Сбившиеся в кучу Анцыферов, Бильдин и Осоргин изредка перебрасывались незначащими словами, глядя на продолжавшуюся суету неклясовских парней. Стол был уже готов, сам Неклясов, как черная птица в своем распахнутом пальто, неслышно проносился от «мерседеса» к другим машинам, что-то говорил парням и, наконец, как бы взмахнув черным большим крылом, как бы всколыхнув воздух, остановился перед своими гостями.
— Ну что, дорогие, — произнес Неклясов с какой-то вульгарно прозвучавшей светскостью. — Прошу к столу!
— Спасибо, я не голоден! — быстро ответил Осоргин, опять проявив нечто полковничье — проговорил заготовленные слова. Похоже, он ждал этих слов, этого приглашения и выкрикнул свой ответ скорее для Анцыферова и Бильдина, чтобы убедить их в том, что с Неклясовым у него дружбы нет, что хотя и отпустил он его под подписку, но сделал это по долгу службы, в полном соответствии с законодательством, а уж никак не по дружбе.
— А разве я спросил, голоден ли ты? — удивился Неклясов. — Я предложил подойти к столу, чтобы не стоять посреди поляны, чтобы не обдували тебя холодные ветра... Чтобы сказать, наконец, зачем ты здесь... Неужели неинтересно?
— Нет! — опять быстро ответил Осоргин.
— Ладно, Жора, — Анцыферов взял его за локоть. — Хватит выкобениваться... Пошли тяпнем по маленькой.
Бильдин молчал.
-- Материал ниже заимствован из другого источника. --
lemma size_gf_msets_with_repeated_below_max:
  assumes r: "r \<in> {1..n}"
  shows "size_gf (msets_with_mult (\<lambda>v. {c. 2 \<le> c + of_bool (v = Suc n) \<longleftrightarrow> v = r}) (Suc n))
    = fps_X ^ 2 * ones_fps * ((1 + fps_X) ^ (n - 1) :: 'a::comm_semiring_1 fps)"
proof -
  let ?F = "\<lambda>v. {c :: nat. 2 \<le> c + of_bool (v = Suc n) \<longleftrightarrow> v = r}"
  have F: "?F (Suc n) = {0}" "?F r = {c. 2 \<le> c}"
    using r by auto
  have F_other: "?F v = {0, 1}" if "v \<in> {1..n} - {r}" for v
    using r that by auto
  have "size_gf (msets_with_mult ?F (Suc n)) = (\<Prod>v\<in>{1..Suc n}. indicator_fps (?F v) :: 'a fps)"
    by (rule size_gf_msets_with_mult)
  also have "\<dots> = indicator_fps (?F (Suc n)) * (\<Prod>v\<in>{1..n}. indicator_fps (?F v))"
    by (rule prod.nat_ivl_Suc') simp
  also have "(\<Prod>v\<in>{1..n}. indicator_fps (?F v))
      = indicator_fps (?F r) * (\<Prod>v\<in>{1..n} - {r}. indicator_fps (?F v))"
    by (rule prod.remove) (use r in auto)
  also have "(\<Prod>v\<in>{1..n} - {r}. indicator_fps (?F v)) = (\<Prod>v\<in>{1..n} - {r}. 1 + fps_X :: 'a fps)"
    by (rule prod.cong) (simp_all only: F_other indicator_fps_01)
  also have "\<dots> = (1 + fps_X) ^ (n - 1)"
    using r by simp
  finally show ?thesis
    unfolding F indicator_fps_0 indicator_fps_atLeast by (simp add: mult_ac)
qed

lemma size_gf_below_max_single_repeated_value:
  "size_gf (below_max single_repeated_value (Suc n))
    = fps_X * ones_fps * (1 + fps_X) ^ n
      + of_nat n * (fps_X ^ 2 * ones_fps * (1 + fps_X) ^ n * inverse (1 + fps_X :: 'a::field fps))"
proof -
  let ?F = "\<lambda>r v. {c :: nat. 2 \<le> c + of_bool (v = Suc n) \<longleftrightarrow> v = r}"
  have "size_gf (below_max single_repeated_value (Suc n))
      = (\<Sum>r\<in>{1..Suc n}. size_gf (msets_with_mult (?F r) (Suc n)) :: 'a fps)"
    unfolding below_max_single_repeated_value[OF zero_less_Suc]
  proof (rule size_gf_UN_disjoint)
    fix i j assume ij: "i \<in> {1..Suc n}" "j \<in> {1..Suc n}" "i \<noteq> j"
    show "msets_with_mult (?F i) (Suc n) \<inter> msets_with_mult (?F j) (Suc n) = {}"
    proof (rule equals0I)
      fix q assume "q \<in> msets_with_mult (?F i) (Suc n) \<inter> msets_with_mult (?F j) (Suc n)"
      then have "count q i \<in> ?F i i" "count q i \<in> ?F j i"
        using ij(1) unfolding Int_iff mem_msets_with_mult by blast+
      then show False using ij(3) by simp
    qed
  qed (simp_all add: finite_msets_with_mult_size)
  also have "\<dots> = size_gf (msets_with_mult (?F (Suc n)) (Suc n))
      + (\<Sum>r\<in>{1..n}. size_gf (msets_with_mult (?F r) (Suc n)))"
    by (rule sum.nat_ivl_Suc') simp
  also have "(\<Sum>r\<in>{1..n}. size_gf (msets_with_mult (?F r) (Suc n)))
      = (\<Sum>r\<in>{1..n}. fps_X ^ 2 * ones_fps * (1 + fps_X :: 'a fps) ^ (n - 1))"
    by (intro sum.cong refl size_gf_msets_with_repeated_below_max)
  also have "\<dots> = fps_X ^ 2 * ones_fps * (of_nat n * (1 + fps_X) ^ (n - 1))"
    by (simp add: mult_ac)
  finally show ?thesis
    unfolding of_nat_mult_power_one_plus_X_pred size_gf_msets_with_repeated_max
    by (simp add: mult_ac)
qed

theorem h1_gf: "Abs_fps (\<lambda>M. of_nat (h1 M) :: rat) = fps_X ^ 2 / (1 - fps_X - fps_X ^ 2) ^ 2"
proof -
  define S where "S = Abs_fps (\<lambda>M. of_nat (h1 M) :: rat)"
  define G where "G m = (size_gf (below_max single_repeated_value m) :: rat fps)" for m
  define R :: "rat fps" where "R = inverse (1 + fps_X)"
  define u :: "rat fps" where "u = fps_X * (1 + fps_X)"
  have u0: "u $ 0 = 0" by (simp add: u_def)
  have R: "R * (1 + fps_X) = 1"
    by (simp add: R_def inverse_mult_eq_1)
  have summand: "fps_X ^ Suc j * G (Suc j)
      = u ^ j * (fps_X ^ 2 * ones_fps - fps_X ^ 3 * ones_fps * R)
        + of_nat (Suc j) * (u ^ j * (fps_X ^ 3 * ones_fps * R))" for j
    unfolding G_def size_gf_below_max_single_repeated_value R_def[symmetric]
    unfolding u_def power_mult_distrib power_Suc of_nat_Suc
    by (simp add: algebra_simps power2_eq_square power3_eq_cube)
  have "S = fps_series (\<lambda>j. fps_X ^ Suc j * G (Suc j))"
    unfolding S_def h1_def H1_set_def G_def by (rule card_partitions_perim_gf)
  then have "S * (1 - u) ^ 2
      = (fps_X ^ 2 * ones_fps - fps_X ^ 3 * ones_fps * R) * (1 - u) + fps_X ^ 3 * ones_fps * R"
    by (simp only: summand fps_series_geometric_affine[OF u0])
  then have "S * (1 - fps_X - fps_X ^ 2) ^ 2 = fps_X ^ 2"
    unfolding u_def using R ones_fps_times_one_minus_X[where 'a = rat] by algebra
  then show ?thesis
    unfolding S_def by (rule eq_divide_one_minus_X_minus_X2_squared)
qed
Он решил, что для его достоинства молчание будет наиболее уместным, и оказался прав. Осоргин не стал возражать, когда Анцыферов потащил его к столу, чуть упирался, правда, как невеста после свадьбы, когда жених вот так же под локоток ведет ее в спальню. Бильдин пошел следом — в кожаной куртке с меховым поднятым воротником, насупленный и съежившийся. Вроде и сам пошел, но дал понять — подневольно он так поступает, не по своему желанию.
Как бы там ни было, все подошли к накрытому столу, оценили качество закусок, щедрость хозяина и не могли не отметить — все на высшем уровне, стоил этот стол никак не меньше миллиона.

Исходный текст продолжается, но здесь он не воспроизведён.